Photo Credit: Cecil Stoughton/Lyndon B. Johnson Library and Museum

In the month leading up to the 2020 presidential election, the United States House of Representatives passed the Equity and Inclusion Enforcement Act (H.R. 2574), which would amend Title VI of the 1964 Civil Rights Act to create an avenue for private individuals to sue federally-funded institutions and programs for discrimination based on “race, color, or national origin.” Importantly, in contrast with the 14th Amendment’s Equal Protection Clause, Title VI prohibits disparate impact, even absent any intentional discrimination. The Equity and Inclusion Enforcement Act passed through the House with just 3 Republicans joining all 229 voting Democrats, but has not moved in the Senate.

Last month, the House Education and Labor Committee Chairman Robert Scott (D-Va.) and House Judiciary Committee Chairman Jerrold Nadler (D-N.Y.) reintroduced the bill in the House, in the hopes that a Democrat in the White House, and as tie-breaker in the Senate, would mean a better chance at enacting the law.

The key impact that the Equity and Inclusion Enforcement Act (EIEA) would have would be to essentially overwrite the Supreme Court’s 2001 decision in Alexander v. Sandoval. In a 5-4 opinion, the Court held that TItle VI of the 1964 Civil Rights Act did not create a private right of action for individuals to bring disparate impact claims of discrimination. 

When Congress enacts a law establishing a particular right, there are a number of possible avenues for enforcing that right (for example, creating a review board within an administrative agency, delegating enforcement to state law enforcement agencies, and/or allowing an individual to sue in court). When a court is tasked with evaluating a claim brought under a rights-creating statute such as Title VI, the court’s interpretation includes determining the mechanism by which Congress intended the rights to be enforced.

When Congress includes as an enforcement mechanism the ability for an individual to file suit and seek court enforcement, that is referred to as creating an individual “cause of action;” one cannot appear before a judge without a cause of action (read: permission to sue) for each of their claims.

A number of rights-creating statutes, Title VI and Title IX among them, include no specific language creating a cause of action for an individual.
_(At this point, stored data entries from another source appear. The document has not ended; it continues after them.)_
(* Let $A\in\mathbb R^{N\times N}$ be a non-singular $M$-matrix and let $p<1$. If $x\in\mathbb R^N$ with $x>0$ satisfies $Ax\le x^p$ and $y\in\mathbb R^N$ with $y>0$ satisfies $Ay\ge y^p$, then $x\le y$. In particular, the equation $Ax=x^p$ has a unique solution $x\in\mathbb R^N$ with $x>0$.
   Context: Inequalities between vectors/matrices are componentwise; for $x\in(0,\infty)^N$, $x^p:=(x_1^p,\dots,x_N^p)^\top$. A matrix $A\in\mathbb R^{N\times N}$ is a $Z$-matrix if $A_{ij}\le 0$ for all $i\neq j$. A $Z$-matrix $A$ is an $M$-matrix if $A=s\,\mathrm{Id}-B$ for some matrix $B\ge 0$ and some $s\in\mathbb R$ with $s\ge\rho(B)$ ($\rho(B)$ the spectral radius); it is a non-singular $M$-matrix if in addition it is invertible. *)

theory Defs
  imports "HOL-Analysis.Analysis"
begin

definition spectral_radius :: "real^'n^'n \<Rightarrow> real" where
  "spectral_radius B = Sup {norm \<mu> | \<mu>::complex. \<exists>v::complex^'n. v \<noteq> 0 \<and>
       (\<chi> i j. complex_of_real (B $ i $ j)) *v v = \<mu> *s v}"

definition Z_matrix :: "real^'n^'n \<Rightarrow> bool" where
  "Z_matrix A \<longleftrightarrow> (\<forall>i j. i \<noteq> j \<longrightarrow> A $ i $ j \<le> 0)"

definition M_matrix :: "real^'n^'n \<Rightarrow> bool" where
  "M_matrix A \<longleftrightarrow> Z_matrix A \<and>
     (\<exists>s::real. \<exists>B::real^'n^'n. (\<forall>i j. B $ i $ j \<ge> 0) \<and>
        A = s *\<^sub>R mat 1 - B \<and> s \<ge> spectral_radius B)"

definition nonsingular_M_matrix :: "real^'n^'n \<Rightarrow> bool" where
  "nonsingular_M_matrix A \<longleftrightarrow> M_matrix A \<and> invertible A"

end

theory Submission
  imports Defs
begin

(*
  Comparison: if x_i > y_i somewhere, let t = max_j x_j / y_j > 1, attained at k. Then t y - x is
  nonnegative and vanishes at k, so the sign pattern of the Z-matrix A gives (A (t y - x))_k <= 0,
  whereas the two inequalities give (A (t y - x))_k >= t y_k^p - (t y_k)^p = (t - t^p) y_k^p > 0
  because p < 1. Uniqueness of positive solutions follows at once.

  Existence: a nonsingular M-matrix A = s I - B admits u > 0 with A u > 0. The shifts t for which
  t I - B has such a vector form an open up-set containing all large t. At its infimum t0 >= s the
  matrix t0 I - B is still invertible (by the spectral radius bound, or by invertibility of A if
  t0 = s), and monotonicity of the matrices (t0 + d) I - B, d > 0, forces (t0 I - B)^-1 1 > 0, so
  t0 would lie in the set. Scaling u gives a positive subsolution and a positive supersolution;
  among the subsolutions between them, one of maximal entry sum is a solution, since a strict
  inequality in row i could be relaxed by increasing x_i, which only decreases the other rows.
*)

section \<open>Z-matrices and semipositivity\<close>

text \<open>Usually only \<open>u \<ge> 0\<close> is required; for Z-matrices the two notions agree.\<close>
definition semipositive :: "real^'n^'n \<Rightarrow> bool" where
  "semipositive M \<longleftrightarrow> (\<exists>u. (\<forall>i. 0 < u $ i) \<and> (\<forall>i. 0 < (M *v u) $ i))"

lemma ex_max_index:
  fixes f :: "'n::finite \<Rightarrow> 'a::linorder"
  obtains k where "\<And>j. f j \<le> f k"
proof -
  have "Max (range f) \<in> range f"
    by (intro Max_in) auto
  then obtain k where "f k = Max (range f)"
    by (metis rangeE)
  then have "f j \<le> f k" for j
    by simp
  then show ?thesis
    using that by blast
qed

lemma matrix_vector_mult_add_diag:
  fixes M :: "real^'n^'n"
  shows "(M + d *\<^sub>R mat 1) *v u = M *v u + d *\<^sub>R u"
  by (simp add: matrix_vector_mult_add_rdistrib flip: scaleR_matrix_vector_assoc)

lemma Z_matrix_add_diag: "Z_matrix M \<Longrightarrow> Z_matrix (M + d *\<^sub>R mat 1)"
  by (simp add: Z_matrix_def mat_def)

lemma Z_matrix_row_nonpos:
  fixes M :: "real^'n^'n"
  assumes "Z_matrix M" "\<forall>j. 0 \<le> w $ j" "w $ k = 0"
  shows "(M *v w) $ k \<le> 0"
proof -
  have "(M *v w) $ k = (\<Sum>j\<in>UNIV - {k}. M $ k $ j * w $ j)"
    using assms(3) by (simp add: matrix_vector_mult_def sum.remove[of UNIV k])
  also have "\<dots> \<le> 0"
    using assms(1,2) by (intro sum_nonpos) (auto simp: Z_matrix_def intro: mult_nonpos_nonneg)
  finally show ?thesis .
qed

lemma Z_matrix_semipositive_monotone:
  fixes M :: "real^'n^'n"
  assumes Z: "Z_matrix M" and "semipositive M" and Mv: "\<forall>i. 0 \<le> (M *v v) $ i"
  shows "0 \<le> v $ i"
proof (rule ccontr)
  assume neg: "\<not> 0 \<le> v $ i"
  obtain u where u: "\<forall>i. 0 < u $ i" "\<forall>i. 0 < (M *v u) $ i"
    using assms(2) unfolding semipositive_def by blast
  obtain k where k: "\<And>j. - v $ j / u $ j \<le> - v $ k / u $ k"
    using ex_max_index[of "\<lambda>j. - v $ j / u $ j"] by blast
  define l where "l = - v $ k / u $ k"
  have "0 < - v $ i / u $ i"
    using neg u(1) by (simp add: divide_neg_pos)
  with k[of i] have "0 < l"
    unfolding l_def by linarith
  define w where "w = v + l *\<^sub>R u"
  have "0 \<le> w $ j" for j
  proof -
    have "- v $ j / u $ j \<le> l"
      using k[of j] unfolding l_def .
    then have "- v $ j \<le> l * u $ j"
      using u(1) pos_divide_le_eq by blast
    then show ?thesis
      by (simp add: w_def)
  qed
  moreover have "w $ k = 0"
    using u(1)[rule_format, of k] by (simp add: w_def l_def)
  ultimately have "(M *v w) $ k \<le> 0"
    using Z_matrix_row_nonpos[OF Z] by blast
  moreover have "(M *v w) $ k = (M *v v) $ k + l * (M *v u) $ k"
    by (simp add: w_def matrix_vector_right_distrib matrix_vector_mult_scaleR)
  moreover have "0 < l * (M *v u) $ k"
    using u(2) \<open>0 < l\<close> by simp
  ultimately show False
    using Mv by (metis add_nonneg_pos not_less)
qed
This seems odd, given that the purpose of civil rights statutes is, generally, to protect the rights of individual people. Indeed, prior to the Sandoval decision, the court had ruled on a number of occasions that an individual cause of action could be implied in these civil rights laws, even where no such explicit designation existed within the text. In making these determinations, the Court relied on the legislative history and the context of the specific legal provisions within the statutes in which they sat, in an effort to understand whether Congress intended an individual cause of action to stem inherently from the rights-creating language.

In Sandoval, Justice Scalia’s majority opinion changed course, explaining that the Court would no longer review legislative history as part of its inquiry, and would instead look only to the precise text of the statutory provision. The year after Sandoval, the Court clarified in Gonzaga University v. Doe that any private cause of action had to be explicitly stated in the statute.

So what has it meant to have Title VI’s discrimination prohibitions, but no access to individuals to sue on those protections? The result has been that Title VI violations are the exclusive purview of the federal government to investigate and enforce, which has largely fallen to the Office of Civil Rights (OCR) in the U.S. Department of Education. As of March, 2019, OCR had about 1,500 pending Title VI complaints. For an institution found to have violated Title VI, OCR is able to withhold federal funding or refer the case to the Department of Justice for litigation, adding to the drawn-out procedures before a complainant gets any sort of relief. This expansive waitlist and procedural hurdles speak volumes as to the system’s inefficiency, and perhaps explains Democrats’ desire to shift enforcement to the courts.

If Congress successfully enacts the Equity and Inclusion Enforcement Act, the status quo would be returned to pre-Sandoval times. Individuals could sue in court for violations of Title VI, because Congress would have created an explicit private cause of action for them to do so, adding another tool to the toolbox of fighting against discrimination. Congress is currently embroiled with tasks like election laws, stimulus checks, and the capitol insurgence investigation, so it may be some time before we find out what the fate of this bill will be.